The approach is correct, but the calculation is hallucinated.

## Bridge Maxim

In [11]:
for model in [GEMINI, OPENAI, CLAUDE]:
    print(model, ":\n",
          zero_shot(model, 'In bridge, what does the maxim "eight ever, nine never" mean? Respond in 3-5 sentences.'),
          "\n\n")

gemini-2.0-flash :
 The maxim "eight ever, nine never" is a guideline for playing suits in bridge, particularly when trying to win tricks. It refers to the number of cards you and your partner hold in a particular suit. If you have a combined total of eight cards in a suit, you should generally try to finesse to make extra tricks in that suit. However, if you have a combined total of nine cards, you should generally play for the drop, as finessing is less likely to succeed and can give the opponents extra tricks.
 


gpt-4o-mini :
 In bridge, the maxim "eight ever, nine never" refers to the principles of determining the optimal number of cards to play when considering whether to bid or support a suit. Specifically, if you have eight cards in a particular suit, you should be willing to support that suit. However, if you have nine cards, it's usually better to not simply rely on that long suit for game consideration, as it may be more beneficial to explore other options for bidding. This

## Suit play based on maxim

The expert line is to play the Ace, and then the King if the ten doesn’t fall on the right. If the ten falls, then come to hand in another suit and take the finesse. 
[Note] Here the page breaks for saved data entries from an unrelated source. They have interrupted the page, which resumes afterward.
lemma dtu_iter_increment:
  assumes v: "0 \<le> v" "v \<le> 1" and x: "x \<in> {0..1}"
  shows "\<bar>dtu_iter v (Suc n) x - dtu_iter v n x\<bar> \<le> max v (1 - v) ^ n"
  using x
proof (induction n arbitrary: x)
  case 0
  have "dtu_iter v k x \<in> {0..1}" for k
    using unit_cdf_range[OF unit_cdf_dtu_iter[OF v] 0] .
  from this[of 0] this[of 1] show ?case by (auto simp: abs_le_iff)
next
  case (Suc n)
  have IH: "\<And>u. u \<in> {0..1} \<Longrightarrow> \<bar>dtu_step v (dtu_iter v n) u - dtu_iter v n u\<bar> \<le> max v (1 - v) ^ n"
    using Suc.IH by (simp add: dtu_iter_Suc)
  show ?case
    unfolding dtu_iter_Suc power_Suc by (rule dtu_step_contraction[OF v Suc.prems IH])
qed

definition dtu_limit :: "real \<Rightarrow> real \<Rightarrow> real" where
  "dtu_limit v x = (if x \<in> {0..1} then lim (\<lambda>n. dtu_iter v n x) else 0)"

context
  fixes v :: real
  assumes v: "0 < v" "v < 1"
begin

lemma dtu_iter_approx:
  assumes x: "x \<in> {0..1}"
  shows "(\<lambda>n. dtu_iter v n x) \<longlonglongrightarrow> dtu_limit v x"
    and "\<bar>dtu_limit v x - dtu_iter v n x\<bar> \<le> max v (1 - v) ^ n / (1 - max v (1 - v))"
proof -
  have inc: "\<And>n. \<bar>dtu_iter v (Suc n) x - dtu_iter v n x\<bar> \<le> max v (1 - v) ^ n"
    using dtu_iter_increment v x by simp
  have m: "0 \<le> max v (1 - v)" "max v (1 - v) < 1" using v by auto
  show "(\<lambda>n. dtu_iter v n x) \<longlonglongrightarrow> dtu_limit v x"
    using geometric_increments_convergent(1)[OF inc m] x
    by (simp add: dtu_limit_def convergent_LIMSEQ_iff)
  show "\<bar>dtu_limit v x - dtu_iter v n x\<bar> \<le> max v (1 - v) ^ n / (1 - max v (1 - v))"
    using geometric_increments_convergent(2)[OF inc m] x by (simp add: dtu_limit_def)
qed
An intermediate player following the maxim would cash the Ace and the King because it’s slightly higher odds than a first-round finesse.

Either answer would be acceptable.

In [13]:
for model in [GEMINI, OPENAI, CLAUDE]:
    print(model, ":\n",
          zero_shot(model, 'In bridge, holding AKJxx opposite four small, how should you play the the suit for no losers?'),
          "\n\n")

gemini-2.0-flash :
 The best way to play this suit combination (AKJxx opposite xxxx) in bridge, aiming for no losers, depends on the lead and the number of remaining cards in the suit. Here's a breakdown of the different scenarios and how to play them:

**Understanding the Situation:**

*   **You have:** AKJxx in one hand, and four small cards (xxxx) in the other. This is a fairly strong suit holding.
*   **Goal:** To avoid losing any tricks in this suit.
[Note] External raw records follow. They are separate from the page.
definition population :: "(real^'a::finite) set \<Rightarrow> (real^'a) measure \<Rightarrow> bool" where
  "population S \<pi> \<longleftrightarrow> prob_space \<pi> \<and> sets \<pi> = sets (restrict_space borel S)"

definition skill :: "(real^'a::finite) measure \<Rightarrow> 'a \<Rightarrow> real" where
  "skill \<pi> \<theta> = (\<integral>s. s $ \<theta> \<partial>\<pi>)"

definition vA :: "(real^'a::finite) set \<Rightarrow> (real^'a) \<Rightarrow> real" where
  "vA A s = Max ((\<lambda>a. \<Sum>\<theta>\<in>UNIV. a $ \<theta> * s $ \<theta>) ` A)"

definition firm :: "(real^'a::finite) set \<Rightarrow> real \<Rightarrow> bool" where
  "firm A \<alpha> \<longleftrightarrow> finite A \<and> A \<noteq> {} \<and> 0 < \<alpha> \<and> \<alpha> \<le> 1"

definition excludes :: "real \<Rightarrow> (real^'a::finite) set \<Rightarrow> real \<Rightarrow> (real^'a) measure \<Rightarrow> bool" where
  "excludes c A \<alpha> \<pi> \<longleftrightarrow> \<alpha> * (\<integral>s. max (vA A s) 0 \<partial>\<pi>) \<le> c"

definition sys_disc :: "real \<Rightarrow> (real^'a::finite) measure \<Rightarrow> (real^'a) measure \<Rightarrow> bool" where
  "sys_disc c \<pi> \<pi>' \<longleftrightarrow>
     (\<forall>A \<alpha>. firm A \<alpha> \<longrightarrow> excludes c A \<alpha> \<pi>' \<longrightarrow> excludes c A \<alpha> \<pi>) \<and>
     (\<exists>A \<alpha>. firm A \<alpha> \<and> excludes c A \<alpha> \<pi> \<and> \<not> excludes c A \<alpha> \<pi>')"

definition unsys_disc :: "real \<Rightarrow> (real^'a::finite) measure \<Rightarrow> (real^'a) measure \<Rightarrow> bool" where
  "unsys_disc c \<pi> \<pi>' \<longleftrightarrow>
     (\<exists>A \<alpha>. firm A \<alpha> \<and> excludes c A \<alpha> \<pi> \<and> \<not> excludes c A \<alpha> \<pi>') \<and>
     (\<exists>A \<alpha>. firm A \<alpha> \<and> excludes c A \<alpha> \<pi>' \<and> \<not> excludes c A \<alpha> \<pi>)"

definition no_disc :: "real \<Rightarrow> (real^'a::finite) measure \<Rightarrow> (real^'a) measure \<Rightarrow> bool" where
  "no_disc c \<pi> \<pi>' \<longleftrightarrow> \<not> sys_disc c \<pi> \<pi>' \<and> \<not> sys_disc c \<pi>' \<pi> \<and> \<not> unsys_disc c \<pi> \<pi>'"

text \<open>M_order \<pi>' \<pi> means \<pi>' M \<pi>: \<pi>' dominates \<pi> in the convex order.\<close>
definition M_order :: "(real^'a::finite) measure \<Rightarrow> (real^'a) measure \<Rightarrow> bool" where
  "M_order \<pi>' \<pi> \<longleftrightarrow>
     (\<forall>h :: (real^'a) \<Rightarrow> real. convex_on Delta_set h \<and> continuous_on Delta_set h \<longrightarrow>
        (\<integral>s. h s \<partial>\<pi>') \<ge> (\<integral>s. h s \<partial>\<pi>))"

end

theory Submission
  imports Defs
begin

text \<open>Write I_\<pi>(A) for the expected value of interviewing \<pi> with the options A, the integral of
  max(v_A, 0). Since v_{tA} = t v_A for t \<ge> 0, a firm can rescale its options until c lies strictly
  between I_\<pi>(A) and I_\<pi>'(A); so every firm that excludes \<pi>' also excludes \<pi> exactly when
  I_\<pi>(A) \<le> I_\<pi>'(A) for all A. The functions max(v_A, 0) are convex and continuous. Conversely, by
  separation from the epigraph and compactness of the simplex, every continuous convex function on
  it is a uniform limit of maxima of finitely many affine functions, and on the simplex these are
  functions v_A. Hence the condition above is \<pi>' M \<pi>. Finally the convex order is antisymmetric:
  if \<pi> and \<pi>' integrate all continuous convex functions equally, they agree on the orthants
  {s. s \<le> x}, whose indicators are pointwise limits of differences of such functions, and these
  orthants generate the Borel sets. Parts (a)--(c) then follow propositionally.\<close>

section \<open>Convex functions\<close>

lemma convex_on_max:
  assumes "convex_on S f" "convex_on S g"
  shows "convex_on S (\<lambda>x. max (f x) (g x))"
proof (rule convex_onI)
  fix t :: real and x y assume t: "0 < t" "t < 1" and xy: "x \<in> S" "y \<in> S"
  have "f ((1 - t) *\<^sub>R x + t *\<^sub>R y) \<le> (1 - t) * f x + t * f y"
    "g ((1 - t) *\<^sub>R x + t *\<^sub>R y) \<le> (1 - t) * g x + t * g y"
    using convex_onD[OF assms(1)] convex_onD[OF assms(2)] t xy by auto
  moreover have "(1 - t) * f x + t * f y \<le> (1 - t) * max (f x) (g x) + t * max (f y) (g y)"
    "(1 - t) * g x + t * g y \<le> (1 - t) * max (f x) (g x) + t * max (f y) (g y)"
    using t by (intro add_mono mult_left_mono; simp)+
  ultimately show "max (f ((1 - t) *\<^sub>R x + t *\<^sub>R y)) (g ((1 - t) *\<^sub>R x + t *\<^sub>R y))
      \<le> (1 - t) * max (f x) (g x) + t * max (f y) (g y)"
    by simp
qed (use assms convex_on_imp_convex in blast)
**Scenarios and How to Play:**

**1. Opposition Leads the Suit:**

*   **If the opponent leads *low* to your hand:**
    *   **Play the Jack (J).** This forces the opponent to win the trick.
    *   *   **If the opponent wins with the Queen (Q) or Ten (T) then you can win all the rest of the tricks with your Ace and King**
*   **If the opponent leads the Ace, King, Queen or Ten.**
    *   **Play a small card and hope one of the other players has the Queen or the Ten. You can then win all the remaining tricks with the Ace, King and Ja

All three of the models have answered wrong. To wit:

Gemini suggests that you "Lead low to your hand with four small."  This is so horribly wrong. Not even a beginning card player would make this mistake.

GPT gets the right intermediate line (cash the Ace and King), but for the wrong reasons. It doesn't realize that the point is that the opponents' cards are likely to be split 2-2.
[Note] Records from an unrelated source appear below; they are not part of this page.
lemma cmi_joint_eq_0_if_law_factors:
  fixes PX :: "'x::finite pmf" and PR :: "'r::finite pmf" and psi :: "'x \<Rightarrow> 'r \<Rightarrow> 'w::finite"
  assumes law: "\<And>x x'. x \<in> set_pmf PX \<Longrightarrow> x' \<in> set_pmf PX \<Longrightarrow> \<kappa> x = \<kappa> x' \<Longrightarrow>
       map_pmf (\<lambda>r. C (psi x r)) PR = map_pmf (\<lambda>r. C (psi x' r)) PR"
  shows "cmi (joint PX PR psi) fst (\<lambda>z. C (snd z)) (\<lambda>z. \<kappa> (fst z)) = 0"
proof -
  define J where "J = joint PX PR psi"
  have "prob_of_value J (\<lambda>z. (fst z, C (snd z))) z0 * prob_of_value J (\<lambda>z. \<kappa> (fst z)) z0 =
        prob_of_value J fst z0 * prob_of_value J (\<lambda>z. (\<kappa> (fst z), C (snd z))) z0"
    if supp: "z0 \<in> set_pmf J" for z0
  proof -
    obtain x0 r0 where x0: "x0 \<in> set_pmf PX" and z0: "z0 = (x0, psi x0 r0)"
      using supp unfolding J_def set_pmf_joint by blast
    define w0 where "w0 = C (psi x0 r0)"
    define \<beta> where "\<beta> x = pmf (map_pmf (\<lambda>r. C (psi x r)) PR) w0" for x
    define T where "T = \<kappa> -` {\<kappa> x0}"
    have mem_T: "x \<in> T \<longleftrightarrow> \<kappa> x = \<kappa> x0" for x
      unfolding T_def by simp
    have \<beta>_eq: "measure_pmf.prob PR {r. C (psi x r) = w0} = \<beta> x" for x
      unfolding \<beta>_def pmf_map by (simp add: vimage_def)
    have "pmf PX x * \<beta> x = pmf PX x * \<beta> x0" if "x \<in> T" for x
      using law[OF _ x0, of x] that by (cases "x \<in> set_pmf PX") (auto simp: mem_T \<beta>_def set_pmf_iff)
    then have \<beta>_T: "(\<Sum>x\<in>T. pmf PX x * \<beta> x) = \<beta> x0 * (\<Sum>x\<in>T. pmf PX x)"
      unfolding sum_distrib_left by (intro sum.cong refl) (simp add: mult.commute)
    have "prob_of_value J (\<lambda>z. (fst z, C (snd z))) z0 = pmf PX x0 * \<beta> x0"
      using prob_joint[where PX=PX and A="{x0}" and PR=PR and psi=psi and B="C -` {w0}"]
      by (simp add: prob_of_value_def J_def z0 w0_def[symmetric] \<beta>_eq)
    moreover have "prob_of_value J fst z0 = pmf PX x0"
      using prob_joint[where PX=PX and A="{x0}" and PR=PR and psi=psi and B="UNIV"] by (simp add: prob_of_value_def J_def z0)
    moreover have "prob_of_value J (\<lambda>z. \<kappa> (fst z)) z0 = (\<Sum>x\<in>T. pmf PX x)"
      using prob_joint[where PX=PX and A="T" and PR=PR and psi=psi and B="UNIV"] by (simp add: prob_of_value_def J_def z0 mem_T)
    moreover have "prob_of_value J (\<lambda>z. (\<kappa> (fst z), C (snd z))) z0 = \<beta> x0 * (\<Sum>x\<in>T. pmf PX x)"
      using prob_joint[where PX=PX and A="T" and PR=PR and psi=psi and B="C -` {w0}"]
      by (simp add: prob_of_value_def J_def z0 mem_T w0_def[symmetric] \<beta>_eq \<beta>_T)
    ultimately show ?thesis by simp
  qed
  then have "ent J (\<lambda>z. (fst z, C (snd z))) + ent J (\<lambda>z. \<kappa> (fst z)) =
        ent J fst + ent J (\<lambda>z. (\<kappa> (fst z), C (snd z)))"
    by (rule ent_add_ent_eq)
  moreover have "ent J (\<lambda>z. (fst z, \<kappa> (fst z))) = ent J fst"
    "ent J (\<lambda>z. (C (snd z), \<kappa> (fst z))) = ent J (\<lambda>z. (\<kappa> (fst z), C (snd z)))"
    "ent J (\<lambda>z. (fst z, C (snd z), \<kappa> (fst z))) = ent J (\<lambda>z. (fst z, C (snd z)))"
    by (rule ent_cong; auto)+
  ultimately show ?thesis unfolding cmi_def J_def by simp
qed

section \<open>The Gacs--Koerner common part\<close>

lemma gk_link_map_pmf_iff:
  "(u, u') \<in> gk_link (map_pmf (\<lambda>x. (sa x, sb x)) PX) \<longleftrightarrow>
    (\<exists>y\<in>set_pmf PX. \<exists>y'\<in>set_pmf PX. sa y = u \<and> sa y' = u' \<and> sb y = sb y')"
  unfolding gk_link_def by (auto simp: pmf_positive_iff)

lemma gk_common_map_pmf_eq_if_snd_eq:
  assumes "x \<in> set_pmf PX" "x' \<in> set_pmf PX" "sb x = sb x'"
  shows "gk_common (map_pmf (\<lambda>x. (sa x, sb x)) PX) (sa x, sb x) =
         gk_common (map_pmf (\<lambda>x. (sa x, sb x)) PX) (sa x', sb x')"
proof -
  let ?q = "map_pmf (\<lambda>x. (sa x, sb x)) PX"
  have "(sa x, sa x') \<in> gk_link ?q" "(sa x', sa x) \<in> gk_link ?q"
    unfolding gk_link_map_pmf_iff using assms by metis+
  then show ?thesis unfolding gk_common_def
    by (auto intro: converse_rtrancl_into_rtrancl)
qed

text \<open>By the first invariance \<alpha> factors through sa; by the second, the induced function is
  constant along the links, hence on the components of the characteristic graph.\<close>
lemma eq_if_gk_common_map_pmf_eq:
  assumes inv_a: "\<And>x x'. x \<in> set_pmf PX \<Longrightarrow> x' \<in> set_pmf PX \<Longrightarrow> sa x = sa x' \<Longrightarrow> \<alpha> x = \<alpha> x'"
    and inv_b: "\<And>x x'. x \<in> set_pmf PX \<Longrightarrow> x' \<in> set_pmf PX \<Longrightarrow> sb x = sb x' \<Longrightarrow> \<alpha> x = \<alpha> x'"
    and x: "x \<in> set_pmf PX" and x': "x' \<in> set_pmf PX"
    and eq: "gk_common (map_pmf (\<lambda>x. (sa x, sb x)) PX) (sa x, sb x) =
             gk_common (map_pmf (\<lambda>x. (sa x, sb x)) PX) (sa x', sb x')"
  shows "\<alpha> x = \<alpha> x'"
proof -
  let ?q = "map_pmf (\<lambda>x. (sa x, sb x)) PX"
  define \<alpha>' where "\<alpha>' u = \<alpha> (SOME y. y \<in> set_pmf PX \<and> sa y = u)" for u
  have \<alpha>': "\<alpha>' (sa y) = \<alpha> y" if "y \<in> set_pmf PX" for y
  proof -
    have "\<exists>y'. y' \<in> set_pmf PX \<and> sa y' = sa y" using that by blast
    then have "(SOME y'. y' \<in> set_pmf PX \<and> sa y' = sa y) \<in> set_pmf PX \<and>
               sa (SOME y'. y' \<in> set_pmf PX \<and> sa y' = sa y) = sa y"
      by (rule someI_ex)
    then show ?thesis unfolding \<alpha>'_def using inv_a that by blast
  qed
  have link: "\<alpha>' u = \<alpha>' u'" if "(u, u') \<in> gk_link ?q" for u u'
    using that \<alpha>' inv_b unfolding gk_link_map_pmf_iff by metis
  have "sa x' \<in> gk_common ?q (sa x, sb x)"
    using eq unfolding gk_common_def by simp
  then have "(sa x, sa x') \<in> (gk_link ?q)\<^sup>*"
    unfolding gk_common_def by simp
  then have "\<alpha>' (sa x) = \<alpha>' (sa x')"
    by (induction rule: rtrancl_induct) (auto dest: link)
  then show ?thesis using \<alpha>' x x' by simp
qed

section \<open>Shares of a secret sharing scheme\<close>

lemma prob_eq_1_imp_on_set_pmf:
  "measure_pmf.prob p {x. P x} = 1 \<Longrightarrow> x \<in> set_pmf p \<Longrightarrow> P x"
  using measure_pmf.prob_eq_1[of "{x. P x}" p] by (simp add: AE_measure_pmf_iff)

lemma law_share_eq_if_gk_common_eq:
  fixes PX :: "'x pmf" and PR :: "'r pmf" and psi :: "'x \<Rightarrow> 'r \<Rightarrow> 'w"
  assumes PX: "set_pmf PX \<subseteq> S"
    and private_a: "\<forall>x\<in>S. \<forall>x'\<in>S. sa x = sa x' \<longrightarrow>
        map_pmf (\<lambda>r. va (psi x r)) PR = map_pmf (\<lambda>r. va (psi x' r)) PR"
    and private_b: "\<forall>x\<in>S. \<forall>x'\<in>S. sb x = sb x' \<longrightarrow>
        map_pmf (\<lambda>r. vb (psi x r)) PR = map_pmf (\<lambda>r. vb (psi x' r)) PR"
    and va: "\<And>w. va w = (A w, C w)" and vb: "\<And>w. vb w = (C w, B w)"
    and x: "x \<in> set_pmf PX" and x': "x' \<in> set_pmf PX"
    and eq: "gk_common (map_pmf (\<lambda>x. (sa x, sb x)) PX) (sa x, sb x) =
             gk_common (map_pmf (\<lambda>x. (sa x, sb x)) PX) (sa x', sb x')"
  shows "map_pmf (\<lambda>r. C (psi x r)) PR = map_pmf (\<lambda>r. C (psi x' r)) PR"
proof (rule eq_if_gk_common_map_pmf_eq[where sa=sa and sb=sb, OF _ _ x x' eq])
  have C_va: "map_pmf (\<lambda>r. C (psi y r)) PR = map_pmf snd (map_pmf (\<lambda>r. va (psi y r)) PR)"
    and C_vb: "map_pmf (\<lambda>r. C (psi y r)) PR = map_pmf fst (map_pmf (\<lambda>r. vb (psi y r)) PR)" for y
    by (simp_all add: map_pmf_comp va vb)
  show "map_pmf (\<lambda>r. C (psi y r)) PR = map_pmf (\<lambda>r. C (psi y' r)) PR"
    if "y \<in> set_pmf PX" "y' \<in> set_pmf PX" "sa y = sa y'" for y y'
    unfolding C_va using private_a PX that by (metis subsetD)
  show "map_pmf (\<lambda>r. C (psi y r)) PR = map_pmf (\<lambda>r. C (psi y' r)) PR"
    if "y \<in> set_pmf PX" "y' \<in> set_pmf PX" "sb y = sb y'" for y y'
    unfolding C_vb using private_b PX that by (metis subsetD)
qed

text \<open>One pair of parties, whose views (A, C) and (C, B) overlap in the share C; the main theorem
  applies this to the three cyclic pairs.\<close>
lemma RI_le_cmi_shares:
  fixes PX :: "'x::finite pmf" and PR :: "'r::finite pmf" and psi :: "'x \<Rightarrow> 'r \<Rightarrow> 'w::finite"
  assumes PX: "set_pmf PX \<subseteq> S"
    and decode_a: "\<forall>x\<in>S. measure_pmf.prob PR {r. fa (va (psi x r)) = sa x} = 1"
    and decode_b: "\<forall>x\<in>S. measure_pmf.prob PR {r. fb (vb (psi x r)) = sb x} = 1"
    and private_a: "\<forall>x\<in>S. \<forall>x'\<in>S. sa x = sa x' \<longrightarrow>
        map_pmf (\<lambda>r. va (psi x r)) PR = map_pmf (\<lambda>r. va (psi x' r)) PR"
    and private_b: "\<forall>x\<in>S. \<forall>x'\<in>S. sb x = sb x' \<longrightarrow>
        map_pmf (\<lambda>r. vb (psi x r)) PR = map_pmf (\<lambda>r. vb (psi x' r)) PR"
    and va: "\<And>w. va w = (A w, C w)" and vb: "\<And>w. vb w = (C w, B w)"
  shows "RI (map_pmf (\<lambda>z. (sa (fst z), sb (fst z))) (joint PX PR psi))
     \<le> cmi (joint PX PR psi) (\<lambda>z. A (snd z)) (\<lambda>z. B (snd z)) (\<lambda>z. C (snd z))"
proof -
  define J where "J = joint PX PR psi"
  define q where "q = map_pmf (\<lambda>x. (sa x, sb x)) PX"
  define \<kappa> where "\<kappa> x = gk_common q (sa x, sb x)" for x
  have supp: "fst z \<in> set_pmf PX \<and> (\<exists>r\<in>set_pmf PR. snd z = psi (fst z) r)" if "z \<in> set_pmf J" for z
    using that unfolding J_def set_pmf_joint by auto
  have "cmi J (\<lambda>z. sa (fst z)) (\<lambda>z. sb (fst z)) (\<lambda>z. C (snd z)) \<le>
        cmi J (\<lambda>z. A (snd z)) (\<lambda>z. B (snd z)) (\<lambda>z. C (snd z))"
  proof (rule cmi_le_cmi_of_functions)
    fix z assume "z \<in> set_pmf J"
    then obtain x r where x: "x \<in> S" and r: "r \<in> set_pmf PR" and z: "z = (x, psi x r)"
      using supp PX by (metis prod.collapse subsetD)
    show "sa (fst z) = fa (A (snd z), C (snd z))"
      using prob_eq_1_imp_on_set_pmf[OF decode_a[rule_format, OF x] r] by (simp add: z va)
    show "sb (fst z) = fb (C (snd z), B (snd z))"
      using prob_eq_1_imp_on_set_pmf[OF decode_b[rule_format, OF x] r] by (simp add: z vb)
  qed
  moreover have "mi J (\<lambda>z. sa (fst z)) (\<lambda>z. sb (fst z)) - ent J (\<lambda>z. \<kappa> (fst z)) \<le>
        cmi J (\<lambda>z. sa (fst z)) (\<lambda>z. sb (fst z)) (\<lambda>z. C (snd z))"
  proof (rule mi_sub_ent_common_le_cmi)
    have "map_pmf (\<lambda>r. C (psi x r)) PR = map_pmf (\<lambda>r. C (psi x' r)) PR"
      if "x \<in> set_pmf PX" "x' \<in> set_pmf PX" "\<kappa> x = \<kappa> x'" for x x'
      using law_share_eq_if_gk_common_eq[OF PX private_a private_b va vb] that
      unfolding \<kappa>_def q_def by blast
    then show "cmi J fst (\<lambda>z. C (snd z)) (\<lambda>z. \<kappa> (fst z)) = 0"
      unfolding J_def by (rule cmi_joint_eq_0_if_law_factors)
  next
    fix z z' assume "z \<in> set_pmf J" "z' \<in> set_pmf J" "sb (fst z) = sb (fst z')"
    with supp show "\<kappa> (fst z) = \<kappa> (fst z')"
      unfolding \<kappa>_def q_def by (intro gk_common_map_pmf_eq_if_snd_eq) auto
  qed (auto simp: \<kappa>_def gk_common_def)
  moreover have "RI (map_pmf (\<lambda>z. (sa (fst z), sb (fst z))) J) =
      mi J (\<lambda>z. sa (fst z)) (\<lambda>z. sb (fst z)) - ent J (\<lambda>z. \<kappa> (fst z))"
    unfolding RI_def mi_def ent_map_pmf
    by (simp add: J_def q_def \<kappa>_def map_pmf_joint_secrets[of "\<lambda>x. (sa x, sb x)"])
  ultimately show ?thesis unfolding J_def by linarith
qed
Claude seems to pick the expert line (the paragraph about the line giving the best chance against most distributions is the correct description of the expert line), but the line of play it describes is wrong. The point about the expert line is the take the finesse only if the Ten appears on the right.

## Bridge maxim and line of play

What if we ask the conversational interfaces that have access to tools like web search etc.?

Here's our links to the appropriate sessions:

ChatGPT: https://chatgpt.com/share/67f34e98-d930-8006-aa3b-e47d3b67554f

Gemini: https://g.co/gemini/share/e05094727453

Claude: https://claude.ai/share/fc1ce42e-8db4-46f3-a1b0-2be9fd13b14f

All three get the maxim right and the line of play wrong.